# Cyp. Bud Watch



## tocarmar (May 5, 2011)

Here are a few cyps in bud..

Cyp Calceolus







Cyp Acaule











Young Acaule


----------



## Dido (May 6, 2011)

Nice cyps are comming up. 

What else kinds do you have


----------



## tocarmar (May 6, 2011)

I have cyp. parviflorum var. pubescens & a henri if it comes up!! I ordered some seedling from Ron cyp. fasciolatum, cyp. franchetti, cyp. macranthos, & cyp regina var. albo. & 3 year old cyp arietinum..


----------



## Dido (May 6, 2011)

tocarmar said:


> I have cyp. parviflorum var. pubescens & a henri if it comes up!! I ordered some seedling from Ron cyp. fasciolatum, cyp. franchetti, cyp. macranthos, & cyp regina var. albo. & 3 year old cyp arietinum..



Oh well Cyp Arientum I would like to have and cros it with Plectorchilum. :sob:

Maybe I could find it one day fore sell. 

Pubescens will start flowering the next days for me. This year will flower a lot of seedlings I made from my mother plant. They are just before open. 

Fasciolatum is one of my favorite ones.:drool:


----------



## tocarmar (May 6, 2011)

I have a long wait for they are all 1 seedlings except the cyp. arietinum which is a 3 year old.. I would love to get some of the mottled leaf varieties for breeding but we don't have any here in the states!!


----------



## Dido (May 6, 2011)

This kinds are cute but hard to grow. 
Have some growing outside. 
Inside I only ahve 2 kinds. But they are yourng plants with 3 years. 

Will tkae a pict. 

Have seedlings growing from reginae X lichiangense from mr Frosch they are all started growing a few days ago. 
But heard that from the first cross of Withlow some still not have flowered and this is over 10 years now. 

Here is a picture of a interesting Hybrid

http://www.cypripedium.at/product_23.html


----------



## NYEric (May 6, 2011)

Thanks for the link Dido. Interesting dorsal!


----------



## Dido (May 6, 2011)

NYEric said:


> Thanks for the link Dido. Interesting dorsal!



No problem like it too.

tocarmar here a pict of a 2 leaf kind, just starting. 

looks like I will get the first flower from it. 

They are grown outside under a big tree. 

in a humus reach sandy soil, which is perfect for this tree. 
he protects them from to hard temp and to much rain and snow. 
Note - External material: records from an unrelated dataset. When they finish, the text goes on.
text \<open>Refining every block B of b by a partition of the words B meets; these are exactly the
  partitions a with \<open>b \<in> Aset P word_le a\<close>.\<close>
definition refine_blocks ::
    "(nat \<times> nat) set set \<Rightarrow> ((nat \<times> nat) set \<Rightarrow> nat set set) \<Rightarrow> (nat \<times> nat) set set" where
  "refine_blocks b Ch = (\<Union>B\<in>b. restrict_words B ` Ch B)"

lemma refine_blocks_in_Orp:
  assumes b: "b \<in> Orp P word_le" and Ch: "Ch \<in> PiE b index_partitions"
  shows "refine_blocks b Ch \<in> Orp P word_le"
proof -
  obtain g where b_eq: "b = kern P g" and g: "order_pres P word_le g" using b by (auto simp: Orp_def)
  define blk where "blk x = {z \<in> P. g z = g x}" for x
  have part: "partition_on (word_indices B) (Ch B)" if "B \<in> b" for B
    using PiE_mem[OF Ch that] by (simp add: index_partitions_def)
  have blk: "blk x \<in> b" "x \<in> blk x" if "x \<in> P" for x
    using that kern_memI[OF that, of g] by (auto simp: b_eq blk_def)
  define Ax where "Ax x = block_of (Ch (blk x)) (fst x)" for x
  have Ax_unique: "Ax x = A" if "x \<in> P" "A \<in> Ch (blk x)" "fst x \<in> A" for x A
    using block_of_eq[OF part[OF blk(1)[OF that(1)]] that(2,3)] by (simp add: Ax_def)
  have Ax: "Ax x \<in> Ch (blk x)" "fst x \<in> Ax x" if "x \<in> P" for x
    using block_of[OF part[OF blk(1)[OF that]] fst_mem_word_indices[OF blk(2)[OF that] that]]
    by (simp_all add: Ax_def)
  have Ax_sub: "Ax x \<subseteq> {..<length ts}" "Ax x \<noteq> {}" if "x \<in> P" for x
    using Ax[OF that] part[OF blk(1)[OF that]] by (auto simp: partition_on_def word_indices_def)
  have Min_Ax: "Min (Ax x) \<in> Ax x" "Min (Ax x) < length ts" if "x \<in> P" for x
  proof -
    show "Min (Ax x) \<in> Ax x" using Ax_sub[OF that] finite_subset[OF Ax_sub(1)[OF that]] by simp
    then show "Min (Ax x) < length ts" using Ax_sub(1)[OF that] by blast
  qed
  have Min_same: "Min (Ax z) = Min (Ax x) \<longleftrightarrow> fst z \<in> Ax x" if "x \<in> P" "z \<in> P" "g z = g x" for x z
  proof
    assume "Min (Ax z) = Min (Ax x)"
    moreover have "Ax z \<in> Ch (blk x)" using Ax(1)[OF that(2)] that(3) by (simp add: blk_def)
    ultimately have "Ax z = Ax x"
      using partition_on_block_unique[OF part[OF blk(1)[OF that(1)]] _ Ax(1)[OF that(1)]]
        Min_Ax(1)[OF that(1)] Min_Ax(1)[OF that(2)] by metis
    then show "fst z \<in> Ax x" using Ax(2)[OF that(2)] by simp
  next
    assume "fst z \<in> Ax x"
    then have "Ax z = Ax x"
      using Ax_unique[OF that(2), of "Ax x"] Ax(1)[OF that(1)] that(3) by (simp add: blk_def)
    then show "Min (Ax z) = Min (Ax x)" by simp
  qed
  define h where "h x = g x * length ts + Min (Ax x)" for x
  have "Min (Ax x) = Min (Ax z)" if "x \<in> P" "z \<in> P" "word_le x z" "g x = g z" for x z
    using Min_same[OF that(1,2)] Ax(2)[OF that(1)] that(3,4) by (simp add: word_le_def)
  then have h_Orp: "kern P h \<in> Orp P word_le"
    and h_fibre: "\<And>x. x \<in> P \<Longrightarrow> {z \<in> P. h z = h x} = {z \<in> P. g z = g x \<and> Min (Ax z) = Min (Ax x)}"
    using Orp_lex_combination[OF g, of "\<lambda>x. Min (Ax x)" "length ts"] Min_Ax(2) unfolding h_def by auto
  have fibre: "{z \<in> P. h z = h x} = restrict_words (blk x) (Ax x)" if "x \<in> P" for x
    using h_fibre[OF that] Min_same[OF that] by (auto simp: restrict_words_def blk_def)
  have "kern P h = refine_blocks b Ch"
  proof (intro equalityI subsetI)
    fix C assume "C \<in> kern P h"
    then obtain x where x: "x \<in> P" "C = {z \<in> P. h z = h x}" by (auto simp: kern_eq_image)
    then show "C \<in> refine_blocks b Ch"
      unfolding refine_blocks_def using fibre[OF x(1)] blk(1)[OF x(1)] Ax(1)[OF x(1)] by blast
  next
    fix C assume "C \<in> refine_blocks b Ch"
    then obtain B A where BA: "B \<in> b" "A \<in> Ch B" "C = restrict_words B A"
      by (auto simp: refine_blocks_def)
    have "A \<noteq> {}" "A \<subseteq> word_indices B" using part[OF BA(1)] BA(2) by (auto simp: partition_on_def)
    then obtain j q where "j \<in> A" "(j, q) \<in> B" by (force simp: word_indices_def)
    then obtain x where x: "x \<in> B" "fst x \<in> A" by force
    have xP: "x \<in> P" and B_eq: "B = blk x"
      using kern_memD[of B P g x] BA(1) x(1) b_eq by (auto simp: blk_def)
    have "Ax x = A" using Ax_unique[OF xP, of A] BA(2) B_eq x(2) by simp
    then have "C = {z \<in> P. h z = h x}" using fibre[OF xP] BA(3) B_eq by simp
    then show "C \<in> kern P h" using xP by (auto simp: kern_eq_image)
  qed
  then show ?thesis using h_Orp by simp
qed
Uploaded with ImageShack.us


----------



## NYEric (May 7, 2011)

Oh, the highly unavailable chinese cyps!


----------



## KyushuCalanthe (May 8, 2011)

They look healthy Tom. Question, why don't you grow them in beds? Your climate is perfect.


----------



## tocarmar (May 8, 2011)

I am planning on putting some of them in the bed this year.. I have a big yard, but there is only 3 small places that I can plant them. I want to start breeding them so it is easier when they are in pots.


----------



## Dido (May 8, 2011)

I feel when cyps grow in a bed outside and they like it. 
They get better from year to year. 
And you dont have to care that much about them


----------